48. The method of claim 35, further comprising setting coding parameters of the data flow to be sent to the receiving entity based on the information about the available downlink bandwidth and the available uplink bandwidth, said coding parameters comprising a video payload bandwidth.

49. A sending entity capable of being adapted to send a data flow comprising a video flow to a receiving entity over a telecommunications network, the sending entity being adapted to:

transmit the data flow in accordance with the set transmission parameters.

50. The sending entity of claim 49, capable of being further adapted to perform at least one among:

obtain from the receiving entity an indication of an overall per-packet overhead introduced by a communication protocol used by the receiving entity for receiving said data flow; and

obtain an indication of an overall per-packet overhead introduced by a communication protocol used by the sending entity for transmitting the data flow.

51. The sending entity of claim 50, capable of being further adapted to:

obtain from the receiving entity an indication of an available bandwidth at a first reference protocol layer in a first stack of protocol layers used for receiving the data flow at the receiving entity.
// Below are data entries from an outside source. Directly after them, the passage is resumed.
(* For every environment $\mu$, $$\sum_{a\in Z(\mu)}\beta(a)=|\mathcal A|.$$
   Context: Game tree: $V$ is the node set of a finite rooted tree with root $r$ and leaf set $L$; $C(v)$ denotes the set of children of $v$ and $p(v)$ the parent of $v\ne r$. The internal nodes are partitioned into infosets $N$ and actions $\mathcal A$ with $r\in N$, $C(v)\subseteq\mathcal A$ and $|C(v)|>1$ for $v\in N$, and $C(a)\subseteq N\cup L$ for $a\in\mathcal A$. An environment is a map $\mu:\mathcal A\to V$ with $\mu(a)\in C(a)$ for all $a$. For an environment $\mu$, $V(\mu)$ is the smallest subset of $V$ containing $r$, containing $C(v)$ for each $v\in N\cap V(\mu)$, and containing $\mu(a)$ for each $a\in\mathcal A\cap V(\mu)$. $Z(\mu)$ is the set of all $a\in\mathcal A\cap V(\mu)$ with $\mu(a)\in L$. Define $m:N\cup\mathcal A\to\mathbb N$ recursively from the bottom by $m(a)=1+\sum_{v\in C(a)\cap N}m(v)$ for $a\in\mathcal A$ and $m(v)=\sum_{a\in C(v)}m(a)$ for $v\in N$. Define $\beta$ from the top by $\beta(r)=1$, $\beta(a)=m(a)\beta(p(a))$ for $a\in\mathcal A$, $\beta(v)=\beta(p(v))/m(v)$ for $v\in N\setminus\{r\}$. *)

theory Defs
  imports Complex_Main
begin

text \<open>A finite rooted tree: node set V (finite), root r, parent map p.
  Children of v: the non-root nodes of V whose parent is v.\<close>

definition children :: "'v set \<Rightarrow> 'v \<Rightarrow> ('v \<Rightarrow> 'v) \<Rightarrow> 'v \<Rightarrow> 'v set" where
  "children V r p v = {w \<in> V. w \<noteq> r \<and> p w = v}"

definition leaves :: "'v set \<Rightarrow> 'v \<Rightarrow> ('v \<Rightarrow> 'v) \<Rightarrow> 'v set" where
  "leaves V r p = {v \<in> V. children V r p v = {}}"

definition game_tree ::
  "'v set \<Rightarrow> 'v \<Rightarrow> ('v \<Rightarrow> 'v) \<Rightarrow> 'v set \<Rightarrow> 'v set \<Rightarrow> bool" where
  "game_tree V r p N A \<longleftrightarrow>
     finite V \<and> r \<in> V \<and>
     (\<forall>v\<in>V - {r}. p v \<in> V) \<and>
     (\<forall>v\<in>V. \<exists>k. (p ^^ k) v = r) \<and>
     N \<inter> A = {} \<and>
     N \<union> A = {v \<in> V. children V r p v \<noteq> {}} \<and>
     r \<in> N \<and>
     (\<forall>v\<in>N. children V r p v \<subseteq> A \<and> card (children V r p v) > 1) \<and>
     (\<forall>a\<in>A. children V r p a \<subseteq> N \<union> leaves V r p)"

definition environment ::
  "'v set \<Rightarrow> 'v \<Rightarrow> ('v \<Rightarrow> 'v) \<Rightarrow> 'v set \<Rightarrow> ('v \<Rightarrow> 'v) \<Rightarrow> bool" where
  "environment V r p A \<mu> \<longleftrightarrow> (\<forall>a\<in>A. \<mu> a \<in> children V r p a)"

inductive_set Vmu ::
  "'v set \<Rightarrow> 'v \<Rightarrow> ('v \<Rightarrow> 'v) \<Rightarrow> 'v set \<Rightarrow> 'v set \<Rightarrow> ('v \<Rightarrow> 'v) \<Rightarrow> 'v set"
  for V r p N A \<mu> where
  root: "r \<in> Vmu V r p N A \<mu>"
| info: "v \<in> Vmu V r p N A \<mu> \<Longrightarrow> v \<in> N \<Longrightarrow> w \<in> children V r p v \<Longrightarrow> w \<in> Vmu V r p N A \<mu>"
| act:  "a \<in> Vmu V r p N A \<mu> \<Longrightarrow> a \<in> A \<Longrightarrow> \<mu> a \<in> Vmu V r p N A \<mu>"

definition Zmu ::
  "'v set \<Rightarrow> 'v \<Rightarrow> ('v \<Rightarrow> 'v) \<Rightarrow> 'v set \<Rightarrow> 'v set \<Rightarrow> ('v \<Rightarrow> 'v) \<Rightarrow> 'v set" where
  "Zmu V r p N A \<mu> = {a \<in> A \<inter> Vmu V r p N A \<mu>. \<mu> a \<in> leaves V r p}"

text \<open>The bottom-up recursion for m, with a fuel parameter (the height of the tree is
  less than card V, so fuel card V suffices).\<close>
fun m_aux :: "'v set \<Rightarrow> 'v \<Rightarrow> ('v \<Rightarrow> 'v) \<Rightarrow> 'v set \<Rightarrow> 'v set \<Rightarrow> nat \<Rightarrow> 'v \<Rightarrow> nat" where
  "m_aux V r p N A 0 x = 0"
| "m_aux V r p N A (Suc k) x =
     (if x \<in> A then 1 + (\<Sum>v\<in>children V r p x \<inter> N. m_aux V r p N A k v)
      else (\<Sum>a\<in>children V r p x. m_aux V r p N A k a))"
52. The sending entity of claim 51, capable of being further adapted to:

obtain an indication of an overall per-packet overhead introduced by protocol layers in said first stack of protocol layers and comprising a first reference protocol layer.

53. The sending entity of claim 51, wherein said first reference protocol layer is selected as a lowest protocol layer in the first stack that manages the data flow as a flow of data packets.

54. The sending entity of claim 50, capable of being further adapted to:

obtain an indication of an available bandwidth at a second reference protocol layer in a second stack of protocol layers used for transmitting the data flow to the receiving entity.

55. The sending entity of claim 54, capable of being further adapted to:

obtain an indication of an overall per-packet overhead introduced by protocol layers in said second stack of protocol layers and comprising the second reference protocol layer.

56. The sending entity of claim 54, wherein said second reference protocol layer is selected as a lowest protocol layer in the second stack that manages the data flow as a flow of data packets.

57. The sending entity of claim 49, capable of being further adapted to obtain from the receiving entity said information about the available downlink bandwidth during a communications session set-up.

58. The sending entity of claim 57, wherein said information about the available downlink bandwidth is in a session description embedded in a message received from the receiving entity at the session set-up.

59. The sending entity of claim 58, wherein said message is a session initiation protocol message or a message in response to an invite message sent from the sending entity.

60. The sending entity of claim 49, wherein said transmission parameters comprise a maximum length of the packets of the video flow.

61. The sending entity of claim 49, wherein said data flow further comprises an audio flow and wherein said transmission parameters comprise a temporal length of packets of the audio flow.

62. The sending entity of claim 49, capable of being further adapted to set coding parameters of the data flow to be sent to the receiving entity based on the information about the available downlink bandwidth and the available uplink bandwidth, said coding parameters comprising a video payload bandwidth.